The task = Of the entries below, restate word for word only the section that runs from the line with "(fold (Tmap E) ws1" to the line with "ps \<open>ps \<noteq>", counting both ends.

Working data =
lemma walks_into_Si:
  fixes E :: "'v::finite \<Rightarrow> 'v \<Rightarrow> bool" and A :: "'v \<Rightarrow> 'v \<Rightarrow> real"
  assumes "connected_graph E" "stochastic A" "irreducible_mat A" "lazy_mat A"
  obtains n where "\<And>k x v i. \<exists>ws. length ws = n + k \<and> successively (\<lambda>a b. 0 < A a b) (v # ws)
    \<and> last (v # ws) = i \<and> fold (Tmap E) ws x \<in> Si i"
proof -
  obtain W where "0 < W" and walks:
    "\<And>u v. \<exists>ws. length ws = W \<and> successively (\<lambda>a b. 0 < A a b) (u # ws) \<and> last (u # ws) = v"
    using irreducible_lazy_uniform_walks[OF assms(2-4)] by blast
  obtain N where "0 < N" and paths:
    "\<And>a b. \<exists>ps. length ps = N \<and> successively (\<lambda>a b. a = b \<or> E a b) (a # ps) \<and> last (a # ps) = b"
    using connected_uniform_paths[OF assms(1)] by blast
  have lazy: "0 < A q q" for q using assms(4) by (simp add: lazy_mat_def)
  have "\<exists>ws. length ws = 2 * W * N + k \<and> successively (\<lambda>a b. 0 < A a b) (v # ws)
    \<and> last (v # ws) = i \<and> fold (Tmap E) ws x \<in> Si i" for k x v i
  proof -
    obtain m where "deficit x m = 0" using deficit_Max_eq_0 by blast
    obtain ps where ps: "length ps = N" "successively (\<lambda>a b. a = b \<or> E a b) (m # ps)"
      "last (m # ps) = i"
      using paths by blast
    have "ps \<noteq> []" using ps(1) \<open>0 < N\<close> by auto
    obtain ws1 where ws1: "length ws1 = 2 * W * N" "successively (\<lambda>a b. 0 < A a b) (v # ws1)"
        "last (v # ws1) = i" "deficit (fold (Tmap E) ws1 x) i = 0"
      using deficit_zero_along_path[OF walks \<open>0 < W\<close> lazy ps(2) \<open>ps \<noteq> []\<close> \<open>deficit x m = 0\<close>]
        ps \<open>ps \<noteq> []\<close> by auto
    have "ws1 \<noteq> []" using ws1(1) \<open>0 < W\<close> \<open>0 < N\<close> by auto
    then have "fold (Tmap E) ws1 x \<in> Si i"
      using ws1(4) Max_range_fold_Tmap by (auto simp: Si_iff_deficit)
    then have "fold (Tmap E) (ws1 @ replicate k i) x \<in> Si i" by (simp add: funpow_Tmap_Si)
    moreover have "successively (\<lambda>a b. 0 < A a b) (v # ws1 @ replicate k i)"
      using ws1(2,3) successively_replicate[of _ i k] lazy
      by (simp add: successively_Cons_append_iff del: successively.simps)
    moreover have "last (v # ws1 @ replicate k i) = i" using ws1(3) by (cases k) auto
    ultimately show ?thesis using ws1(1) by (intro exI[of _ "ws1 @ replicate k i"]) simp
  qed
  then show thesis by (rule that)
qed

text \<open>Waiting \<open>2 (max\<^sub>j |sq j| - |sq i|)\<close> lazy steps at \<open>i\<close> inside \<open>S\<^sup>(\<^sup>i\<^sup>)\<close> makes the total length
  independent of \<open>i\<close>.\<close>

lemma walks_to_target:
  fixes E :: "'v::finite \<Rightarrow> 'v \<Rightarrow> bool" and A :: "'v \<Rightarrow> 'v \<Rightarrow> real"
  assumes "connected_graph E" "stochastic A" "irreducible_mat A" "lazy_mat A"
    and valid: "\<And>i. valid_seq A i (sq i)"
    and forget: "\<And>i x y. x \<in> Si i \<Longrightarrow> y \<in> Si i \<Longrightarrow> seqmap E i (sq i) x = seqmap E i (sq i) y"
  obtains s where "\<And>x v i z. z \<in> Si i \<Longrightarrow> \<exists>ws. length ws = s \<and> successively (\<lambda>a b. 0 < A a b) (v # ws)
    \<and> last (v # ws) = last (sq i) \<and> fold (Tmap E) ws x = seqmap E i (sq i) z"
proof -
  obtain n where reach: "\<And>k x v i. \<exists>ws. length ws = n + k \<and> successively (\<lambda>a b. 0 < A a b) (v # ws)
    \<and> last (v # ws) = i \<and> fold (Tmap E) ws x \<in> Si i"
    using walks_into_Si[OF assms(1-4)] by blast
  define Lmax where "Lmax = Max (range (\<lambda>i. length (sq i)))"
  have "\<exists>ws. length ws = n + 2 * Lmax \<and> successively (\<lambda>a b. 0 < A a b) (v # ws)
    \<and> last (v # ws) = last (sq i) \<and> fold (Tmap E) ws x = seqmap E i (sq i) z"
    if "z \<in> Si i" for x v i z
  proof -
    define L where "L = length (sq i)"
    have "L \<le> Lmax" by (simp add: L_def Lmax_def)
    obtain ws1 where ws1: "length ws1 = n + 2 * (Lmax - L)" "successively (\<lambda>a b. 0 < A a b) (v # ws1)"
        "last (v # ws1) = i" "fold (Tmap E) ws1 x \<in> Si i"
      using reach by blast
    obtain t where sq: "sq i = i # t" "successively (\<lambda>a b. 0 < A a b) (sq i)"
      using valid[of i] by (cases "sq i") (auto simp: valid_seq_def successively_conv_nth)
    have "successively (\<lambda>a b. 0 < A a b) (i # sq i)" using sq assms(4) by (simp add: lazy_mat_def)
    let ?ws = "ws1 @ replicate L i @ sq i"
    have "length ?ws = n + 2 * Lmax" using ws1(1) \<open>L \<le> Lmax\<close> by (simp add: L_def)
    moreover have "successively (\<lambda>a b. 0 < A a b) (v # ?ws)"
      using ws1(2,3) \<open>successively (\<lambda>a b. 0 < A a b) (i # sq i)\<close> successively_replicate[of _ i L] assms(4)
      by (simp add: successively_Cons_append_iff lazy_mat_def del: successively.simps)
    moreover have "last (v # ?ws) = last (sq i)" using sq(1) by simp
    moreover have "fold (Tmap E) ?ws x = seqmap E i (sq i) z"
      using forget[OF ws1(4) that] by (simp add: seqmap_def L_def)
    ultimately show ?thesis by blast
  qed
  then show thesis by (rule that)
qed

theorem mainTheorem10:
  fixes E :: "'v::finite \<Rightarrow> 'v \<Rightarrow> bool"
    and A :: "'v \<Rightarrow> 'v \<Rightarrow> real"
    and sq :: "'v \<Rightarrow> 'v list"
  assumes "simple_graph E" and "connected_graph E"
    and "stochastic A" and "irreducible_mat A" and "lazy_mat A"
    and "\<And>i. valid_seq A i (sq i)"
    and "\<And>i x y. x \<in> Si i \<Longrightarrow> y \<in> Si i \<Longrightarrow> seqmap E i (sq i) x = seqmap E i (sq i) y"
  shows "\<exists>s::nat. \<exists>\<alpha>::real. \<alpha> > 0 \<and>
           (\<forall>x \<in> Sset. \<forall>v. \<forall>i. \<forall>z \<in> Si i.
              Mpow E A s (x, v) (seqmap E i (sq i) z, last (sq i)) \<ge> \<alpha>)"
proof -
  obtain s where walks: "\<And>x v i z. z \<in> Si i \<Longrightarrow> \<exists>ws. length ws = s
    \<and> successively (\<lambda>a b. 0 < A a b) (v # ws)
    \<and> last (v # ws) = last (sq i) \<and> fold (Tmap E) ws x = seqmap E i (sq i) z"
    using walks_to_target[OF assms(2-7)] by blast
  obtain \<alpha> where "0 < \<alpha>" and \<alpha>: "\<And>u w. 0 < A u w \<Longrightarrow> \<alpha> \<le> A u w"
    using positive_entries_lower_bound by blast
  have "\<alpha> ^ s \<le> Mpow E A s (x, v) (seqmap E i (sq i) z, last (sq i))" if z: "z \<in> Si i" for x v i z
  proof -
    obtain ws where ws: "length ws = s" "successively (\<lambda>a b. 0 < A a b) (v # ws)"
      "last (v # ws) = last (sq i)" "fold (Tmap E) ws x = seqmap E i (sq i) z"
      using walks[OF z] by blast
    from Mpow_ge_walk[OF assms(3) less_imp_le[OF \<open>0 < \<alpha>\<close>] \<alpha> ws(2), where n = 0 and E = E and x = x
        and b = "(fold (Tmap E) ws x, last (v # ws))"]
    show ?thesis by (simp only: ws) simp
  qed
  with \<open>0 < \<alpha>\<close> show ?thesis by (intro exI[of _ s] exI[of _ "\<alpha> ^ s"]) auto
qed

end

Task response =
        "last (v # ws1) = i" "deficit (fold (Tmap E) ws1 x) i = 0"
      using deficit_zero_along_path[OF walks \<open>0 < W\<close> lazy ps(2) \<open>ps \<noteq> []\<close> \<open>deficit x m = 0\<close>]
        ps \<open>ps \<noteq> []\<close> by auto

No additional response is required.